BECAUSE THE MARKET FOR E-BUSINESS SOLUTIONS IS NEW AND EVOLVING, WE CANNOT
ACCURATELY PREDICT THE FUTURE GROWTH RATE OF THIS MARKET OR ITS ULTIMATE SIZE

         We are increasingly focusing our selling efforts on providing
application and information availability solutions for e-business applications
and we expect such sales to constitute an increasing portion of our future
revenue growth. We believe that most companies currently are not yet aware of
our products and capabilities within this evolving market, and, as a result,
such companies have not deployed our solutions. While we have devoted
significant resources to promoting awareness of our products and the problems
these products address for this evolving market, these efforts may not be
sufficient to build market awareness of the need for our products. Failure of a
significant market for e-business application and information availability
products to develop, or failure of our products to achieve broad market
acceptance, could have a material adverse effect on our business, operating
results and financial condition.

WE EXPECT TO INCUR SIGNIFICANT INCREASES IN OUR OPERATING EXPENSES IN THE
FORESEEABLE FUTURE, WHICH MAY AFFECT OUR FUTURE PROFITABILITY

         We intend to substantially increase our operating expenses for the
foreseeable future as we:

         o  increase our sales and marketing activities, including expanding our
            direct sales and telesales forces;

         o  increase our research and development activities;

         o  expand our general and administrative activities; and

         o  expand our customer support organizations.


                                       5


<PAGE>   7

Accordingly, we will be required to significantly increase our revenues in order
to maintain profitability. These expenses will be incurred before we generate
any revenues by this increased spending. If we do not significantly increase
revenues from these efforts, our business and operating results would be
negatively impacted.

OUR INTERNATIONAL OPERATIONS AND OUR PLANNED EXPANSION OF OUR INTERNATIONAL
OPERATIONS EXPOSES US TO CERTAIN RISKS

         Substantially all of our current international revenues are derived
from the operations of our wholly-owned subsidiaries in Canada, Australia, the
United Kingdom and Germany. Revenues from licenses and services to customers
outside of United States were $5.8 million in 1998, representing 16.7% of total
revenues, $15.3 million in the year ended December 31, 1999, representing 21.6%
of total revenues, $4.8 million for the six months ended June 30, 1999,
representing 13% of total revenues, and $15.4 million for the six months ended
June 30, 2000, representing 18% of total revenues. As a result, we face
increasing risks from doing business on an international basis, including, among
others:

         o  difficulties in staffing and managing foreign operations;

         o  longer payment cycles;

         o  seasonal reductions in business activity in Europe;

         o  increased financial accounting and reporting burdens and
            complexities;

         o  potentially adverse tax consequences;

         o  delays in localizing our products;

         o  compliance with a wide variety of complex foreign laws and treaties;

         o  reduced protection for intellectual property rights in some
            countries; and

         o  licenses, tariffs and other trade barriers.

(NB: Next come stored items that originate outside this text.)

lemma almost_isometry_limit_exists:
  obtains P where "almost_isometry_limit X dX base Y dY G y0 P"
proof -
  let ?T = "product_topology (\<lambda>x. subtopology Y.mtopology (Y.mcball y0 (2 * dX base x))) X"
  have topspace_T: "topspace ?T = (\<Pi>\<^sub>E x\<in>X. Y.mcball y0 (2 * dX base x))"
    by (simp add: Y.mcball_subset_mspace inf.absorb2)
  have "compact_space ?T"
    unfolding compact_space_product_topology
    using compactin_mcball compact_space_subtopology by blast
  moreover have "G n x \<in> Y.mcball y0 (2 * dX base x)" if "x \<in> X" for n x
    using G_le_2(1)[OF base_in that, of n] G_in[OF that] y0_in by (simp add: G_base)
  then have "range (\<lambda>n. restrict (G n) X) \<subseteq> topspace ?T"
    unfolding topspace_T by auto
  ultimately obtain P where P: "\<And>N. P \<in> ?T closure_of ((\<lambda>n. restrict (G n) X) ` {N..})"
    by (rule compact_space_cluster_point) blast
  have "P \<in> topspace ?T"
    using P[of 0] unfolding in_closure_of by blast
  then have P_mcball: "P x \<in> Y.mcball y0 (2 * dX base x)" if "x \<in> X" for x
    using that unfolding topspace_T by (simp add: PiE_iff)
  have G_approx_P: "\<exists>n\<ge>N. \<forall>a\<in>A. dY (G n a) (P a) < e"
    if A: "finite A" "A \<subseteq> X" and "0 < e" for A e N
  proof -
    obtain n where n: "N \<le> n" "\<And>a. a \<in> A \<Longrightarrow> dY (restrict (G n) X a) (P a) < e"
      using Y.closure_of_product_approx[OF P A \<open>0 < e\<close>] by blast
    have "dY (G n a) (P a) < e" if "a \<in> A" for a
      using n(2)[OF that] subsetD[OF A(2) that] by simp
    then show ?thesis
      using n(1) by blast
  qed
  have "almost_isometry_limit X dX base Y dY G y0 P"
    by (intro almost_isometry_limit.intro almost_isometry_sequence_axioms
        almost_isometry_limit_axioms.intro P_mcball G_approx_P)
  then show ?thesis
    by (rule that)
qed

end

context homogeneous_proper_space
begin

lemma normalized_almost_isometries:
  assumes Y: "Metric_space Y dY" and AI: "almost_isometric X d Y dY"
  obtains G y0 where "almost_isometry_sequence X d base Y dY G y0"
proof -
  interpret Y: Metric_space Y dY by fact
  have "\<forall>n. \<exists>f. bij_betw f X Y \<and> bi_lipschitz (1 + inverse (real (Suc n))) f X d dY"
    using AI unfolding almost_isometric_def by simp
  then obtain F where F: "\<And>n. bij_betw (F n) X Y"
      "\<And>n. bi_lipschitz (1 + inverse (real (Suc n))) (F n) X d dY"
    by metis
  define y0 where "y0 = F 0 base"
  have y0: "y0 \<in> Y"
    unfolding y0_def using F(1) base_in bij_betwE by blast
  have "\<exists>G. bij_betw G X Y \<and> bi_lipschitz (1 + inverse (real (Suc n))) G X d dY \<and> G base = y0"
    for n
  proof -
    let ?p = "inv_into X (F n) y0"
    have p: "?p \<in> X" "F n ?p = y0"
      using F(1)[of n] y0 by (auto simp: bij_betw_def inv_into_into f_inv_into_f)
    obtain g where g: "bij_betw g X X" "g base = ?p" "\<forall>a\<in>X. \<forall>b\<in>X. d (g a) (g b) = d a b"
      using transitive_isometries[OF p(1)] by blast
    show ?thesis
      using bij_betw_trans[OF g(1) F(1)] bi_lipschitz_comp_isometry[OF F(2) g(1,3)] g(2) p(2)
      by (intro exI[of _ "F n \<circ> g"]) simp
  qed
  then obtain G where G: "\<And>n. bij_betw (G n) X Y"
      "\<And>n. bi_lipschitz (1 + inverse (real (Suc n))) (G n) X d dY" "\<And>n. G n base = y0"
    by metis
  have "almost_isometry_sequence X d base Y dY G y0"
    by (intro almost_isometry_sequence.intro homogeneous_proper_space_axioms Y
        almost_isometry_sequence_axioms.intro G)
  then show ?thesis
    by (rule that)
qed

theorem almost_isometry_unique: "almost_isometry_unique TYPE('b) X d"
  unfolding almost_isometry_unique_def
proof (intro allI impI, elim conjE)
  fix Y :: "'b set" and dY
  assume "Metric_space Y dY" "almost_isometric X d Y dY"
  then obtain G y0 where "almost_isometry_sequence X d base Y dY G y0"
    by (rule normalized_almost_isometries)
  then interpret almost_isometry_sequence X d base Y dY G y0 .
  obtain P where "almost_isometry_limit X d base Y dY G y0 P"
    by (rule almost_isometry_limit_exists)
  then interpret almost_isometry_limit X d base Y dY G y0 P .
  show "isometric X d Y dY"
    unfolding isometric_def using P_bij P_dist by blast
qed

end

section \<open>Euclidean and hyperbolic space\<close>

lemma homogeneous_proper_spaceI:
  fixes X :: "'a::metric_space set" and K :: "real \<Rightarrow> 'a set"
  assumes "base \<in> X" "\<And>x. x \<in> X \<Longrightarrow> d x x = 0"
    and "\<And>p. p \<in> X \<Longrightarrow> \<exists>g. bij_betw g X X \<and> g base = p \<and> (\<forall>a\<in>X. \<forall>b\<in>X. d (g a) (g b) = d a b)"
    and K_compact: "\<And>r. compact (K r)" and K_subset: "\<And>r. K r \<subseteq> X"
    and K_covers: "\<And>r x. x \<in> X \<Longrightarrow> d base x \<le> r \<Longrightarrow> x \<in> K r"
    and K_uniform: "\<And>r e. 0 < e \<Longrightarrow> \<exists>\<delta>>0. \<forall>a\<in>K r. \<forall>z\<in>K r. dist a z < \<delta> \<longrightarrow> d a z < e"
  shows "homogeneous_proper_space X d base"
proof
  fix s :: "nat \<Rightarrow> 'a" and r :: real
  assume "\<And>n. s n \<in> X" "\<And>n. d base (s n) \<le> r"
  then have sK: "\<forall>n. s n \<in> K r"
    using K_covers by blast
  obtain l and \<sigma> :: "nat \<Rightarrow> nat" where l: "l \<in> K r" "strict_mono \<sigma>" "(s \<circ> \<sigma>) \<longlonglongrightarrow> l"
    using seq_compactE[OF compact_imp_seq_compact[OF K_compact] sK] by blast
  have "\<exists>N. \<forall>n\<ge>N. d (s (\<sigma> n)) l < e" if "0 < e" for e
  proof -
    obtain \<delta> where \<delta>: "0 < \<delta>" "\<forall>a\<in>K r. \<forall>z\<in>K r. dist a z < \<delta> \<longrightarrow> d a z < e"
      using K_uniform \<open>0 < e\<close> by blast
    obtain N where N: "\<forall>n\<ge>N. dist (s (\<sigma> n)) l < \<delta>"
      using l(3) \<delta>(1) unfolding lim_sequentially by auto
    then show ?thesis
      using \<delta>(2) sK l(1) by blast
  qed
  then show "\<exists>x\<in>X. \<exists>\<sigma>::nat\<Rightarrow>nat. strict_mono \<sigma> \<and> (\<forall>e>0. \<exists>N. \<forall>n\<ge>N. d (s (\<sigma> n)) x < e)"
    using l(1,2) K_subset by blast
next
  fix e r :: real
  assume "0 < e"
  then obtain \<delta> where \<delta>: "0 < \<delta>" "\<forall>a\<in>K r. \<forall>z\<in>K r. dist a z < \<delta> \<longrightarrow> d a z < e"
    using K_uniform by blast
  obtain F where F: "finite F" "F \<subseteq> K r" "K r \<subseteq> (\<Union>a\<in>F. ball a \<delta>)"
    using seq_compact_imp_totally_bounded[OF compact_imp_seq_compact[OF K_compact], rule_format, OF \<delta>(1)]
    by metis
  have "\<exists>a\<in>F. d a x < e" if "x \<in> X" "d base x \<le> r" for x
  proof -
    have "x \<in> K r"
      using K_covers that by blast
    then obtain a where "a \<in> F" "dist a x < \<delta>"
      using F(3) by auto
    then show ?thesis
      using \<delta>(2) F(2) \<open>x \<in> K r\<close> by blast
  qed
  then show "\<exists>F. finite F \<and> F \<subseteq> X \<and> (\<forall>x\<in>X. d base x \<le> r \<longrightarrow> (\<exists>a\<in>F. d a x < e))"
    using F(1,2) K_subset by blast
qed (fact assms)+

lemma euclidean_homogeneous_proper_space:
  "homogeneous_proper_space (UNIV :: 'a::{real_normed_vector,heine_borel} set) dist 0"
proof (rule homogeneous_proper_spaceI[where K = "cball 0"])
  fix p :: 'a
  have bij: "bij_betw (\<lambda>x. x + p) UNIV UNIV"
    by (rule bij_betw_byWitness[where f' = "\<lambda>x. x - p"]) auto
  show "\<exists>g :: 'a \<Rightarrow> 'a. bij_betw g UNIV UNIV \<and> g 0 = p \<and> (\<forall>a\<in>UNIV. \<forall>b\<in>UNIV. dist (g a) (g b) = dist a b)"
    by (rule exI[of _ "\<lambda>x. x + p"]) (simp add: bij)
next
  fix e :: real
  assume "0 < e"
  then show "\<exists>\<delta>>0. \<forall>a\<in>cball 0 r. \<forall>z\<in>cball 0 r. dist a z < \<delta> \<longrightarrow> dist a z < e" for r :: real
    by blast
qed auto

text \<open>Moebius addition a \<oplus> x on the unit ball; x \<mapsto> a \<oplus> x is a hyperbolic isometry of the
  ball sending 0 to a.\<close>

definition mobius_denom :: "'a::real_inner \<Rightarrow> 'a \<Rightarrow> real" where
  "mobius_denom a x = 1 + 2 * inner a x + inner a a * inner x x"

definition mobius_numer :: "'a::real_inner \<Rightarrow> 'a \<Rightarrow> 'a" where
  "mobius_numer a x = (1 - inner a a) *\<^sub>R x + (1 + 2 * inner a x + inner x x) *\<^sub>R a"

definition mobius_add :: "'a::real_inner \<Rightarrow> 'a \<Rightarrow> 'a" where
  "mobius_add a x = inverse (mobius_denom a x) *\<^sub>R mobius_numer a x"

lemma mobius_denom_scaleR_mobius_add:
  "mobius_denom a x \<noteq> 0 \<Longrightarrow> mobius_denom a x *\<^sub>R mobius_add a x = mobius_numer a x"
  by (simp add: mobius_add_def)

lemma one_minus_inner_mobius_add:
  fixes a x :: "'a::real_inner"
  assumes "mobius_denom a x \<noteq> 0"
  shows "1 - inner (mobius_add a x) (mobius_add a x)
       = (1 - inner a a) * (1 - inner x x) / mobius_denom a x"
proof -
  let ?D = "mobius_denom a x" and ?m = "inner (mobius_add a x) (mobius_add a x)"
  have "?D * (?D * (1 - ?m)) = ?D\<^sup>2 - inner (mobius_numer a x) (mobius_numer a x)"
    unfolding mobius_denom_scaleR_mobius_add[OF assms, symmetric]
    by (simp add: algebra_simps power2_eq_square)
  also have "\<dots> = ?D * ((1 - inner a a) * (1 - inner x x))"
    unfolding mobius_numer_def mobius_denom_def
    by (simp add: inner_add_left inner_add_right inner_commute power2_eq_square) algebra
  finally have "(1 - ?m) * ?D = (1 - inner a a) * (1 - inner x x)"
    using assms by (simp add: mult.commute)
  then show ?thesis
    using assms by (rule eq_divide_imp[rotated])
qed

lemma inner_diff_mobius_add:
  fixes a x y :: "'a::real_inner"
  assumes "mobius_denom a x \<noteq> 0" "mobius_denom a y \<noteq> 0"
  shows "inner (mobius_add a x - mobius_add a y) (mobius_add a x - mobius_add a y)
     = (1 - inner a a)\<^sup>2 * inner (x - y) (x - y) / (mobius_denom a x * mobius_denom a y)"
proof -
  let ?Dx = "mobius_denom a x" and ?Dy = "mobius_denom a y"
  let ?u = "?Dy *\<^sub>R mobius_numer a x - ?Dx *\<^sub>R mobius_numer a y"
  have "?u = (?Dx * ?Dy) *\<^sub>R (mobius_add a x - mobius_add a y)"
    using assms
    by (simp add: mobius_denom_scaleR_mobius_add[symmetric] scaleR_diff_right mult.commute)
  then have "(?Dx * ?Dy) * ((?Dx * ?Dy) *
      inner (mobius_add a x - mobius_add a y) (mobius_add a x - mobius_add a y)) = inner ?u ?u"
    by simp
  also have "\<dots> = (?Dx * ?Dy) * ((1 - inner a a)\<^sup>2 * inner (x - y) (x - y))"
    unfolding mobius_numer_def mobius_denom_def
    by (simp add: inner_add_left inner_add_right inner_diff_left inner_diff_right inner_commute
        power2_eq_square) algebra
  finally show ?thesis
    using assms by (simp add: field_simps)
qed

lemma mobius_denom_pos:
  fixes a x :: "'a::real_inner"
  assumes "norm a < 1" "norm x < 1"
  shows "0 < mobius_denom a x"
proof -
  define t where "t = norm a * norm x"
  have "norm a * norm x \<le> norm a * 1" by (rule mult_left_mono) (use assms in auto)
  then have t: "0 \<le> t" "t < 1" using assms unfolding t_def by auto
  have "\<bar>inner a x\<bar> \<le> t" unfolding t_def by (rule Cauchy_Schwarz_ineq2)
  moreover have "inner a a * inner x x = t\<^sup>2"
    unfolding t_def by (simp add: power2_norm_eq_inner[symmetric] power_mult_distrib)
  moreover have "0 < (1 - t)\<^sup>2" using t by simp
  ultimately show ?thesis unfolding mobius_denom_def by (simp add: power2_eq_square algebra_simps)
qed

lemma inner_self_less_1: "norm (x::'a::real_inner) < 1 \<Longrightarrow> inner x x < 1"
  by (simp add: power2_norm_eq_inner[symmetric] abs_square_less_1)

lemma mobius_add_neg_cancel_left:
  fixes a x :: "'a::real_inner"
  assumes "norm a < 1" "norm x < 1"
  shows "mobius_add a (mobius_add (-a) x) = x"
proof -
  let ?A = "inner a a" and ?y = "mobius_add (-a) x" and ?n = "mobius_numer (-a) x"
  let ?D = "mobius_denom (-a) x" and ?E = "mobius_denom a (mobius_add (-a) x)"
  have D: "0 < ?D" using mobius_denom_pos[of "-a" x] assms by simp
  have y: "?D *\<^sub>R ?y = ?n" using D by (simp add: mobius_denom_scaleR_mobius_add)
  \<comment> \<open>The denominator of a \<oplus> y is (1 - |a|^2)^2 / D and its numerator reduces to a multiple of x.\<close>
  have ay: "?D * inner a ?y = inner a ?n" and yy: "?D * (?D * inner ?y ?y) = inner ?n ?n"
    unfolding y[symmetric] by simp_all
  have "?D * (?D * ?E) = ?D\<^sup>2 + 2 * ?D * inner a ?n + ?A * inner ?n ?n"
    unfolding mobius_denom_def ay[symmetric] yy[symmetric] by (simp add: algebra_simps power2_eq_square)
  also have "\<dots> = ?D * (1 - ?A)\<^sup>2"
    unfolding mobius_numer_def mobius_denom_def
    by (simp add: inner_add_left inner_add_right inner_diff_left inner_diff_right inner_commute
        power2_eq_square) algebra
  finally have E: "?D * ?E = (1 - ?A)\<^sup>2" using D by simp
  have "?D * (?D * (1 + 2 * inner a ?y + inner ?y ?y)) = ?D\<^sup>2 + 2 * ?D * inner a ?n + inner ?n ?n"
    unfolding ay[symmetric] yy[symmetric] by (simp add: algebra_simps power2_eq_square)
  also have "\<dots> = ?D * ((1 - ?A) * (1 + 2 * inner (-a) x + inner x x))"
    unfolding mobius_numer_def mobius_denom_def
    by (simp add: inner_add_left inner_add_right inner_diff_left inner_diff_right inner_commute
        power2_eq_square) algebra
  finally have B: "?D * (1 + 2 * inner a ?y + inner ?y ?y) = (1 - ?A) * (1 + 2 * inner (-a) x + inner x x)"
    using D by simp
  have "0 < (1 - ?A)\<^sup>2" using inner_self_less_1[OF assms(1)] by simp
  then have E0: "?E \<noteq> 0" using E by auto
  have "(?D * ?E) *\<^sub>R mobius_add a ?y = ?D *\<^sub>R mobius_numer a ?y"
    using E0 by (simp flip: mobius_denom_scaleR_mobius_add)
  also have "\<dots> = (1 - ?A) *\<^sub>R (?D *\<^sub>R ?y) + (?D * (1 + 2 * inner a ?y + inner ?y ?y)) *\<^sub>R a"
    by (simp add: mobius_numer_def[of a ?y] algebra_simps)
  also have "\<dots> = (?D * ?E) *\<^sub>R x"
    unfolding y B E mobius_numer_def by (simp add: algebra_simps power2_eq_square)
      (metis mult_2_right scaleR_add_left)
  finally show ?thesis
    using D E0 by simp
qed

In addition, because our international subsidiaries conduct business in the
currency of the country in which they operate, we are subject to currency
fluctuations and currency transaction losses or gains which are outside of our
control.

         We plan to expand our international operations as part of our business
strategy. The expansion of our existing international operations and entry into
additional international markets will require significant management attention
and financial resources and will place additional burdens on our management,
administrative, operational and financial infrastructure. We cannot be certain
that our investments in establishing facilities in other countries will produce
desired levels of revenue or profitability. In addition, we have sold our
products internationally for only a few years and we have limited experience in
developing localized versions of our products and marketing and distributing
them internationally. As our international operations expand, our exposure to
exchange rate fluctuations will increase as we use an increasing number of
foreign currencies. We have not yet entered into any hedging transactions to
date to mitigate our expense to currency fluctuations.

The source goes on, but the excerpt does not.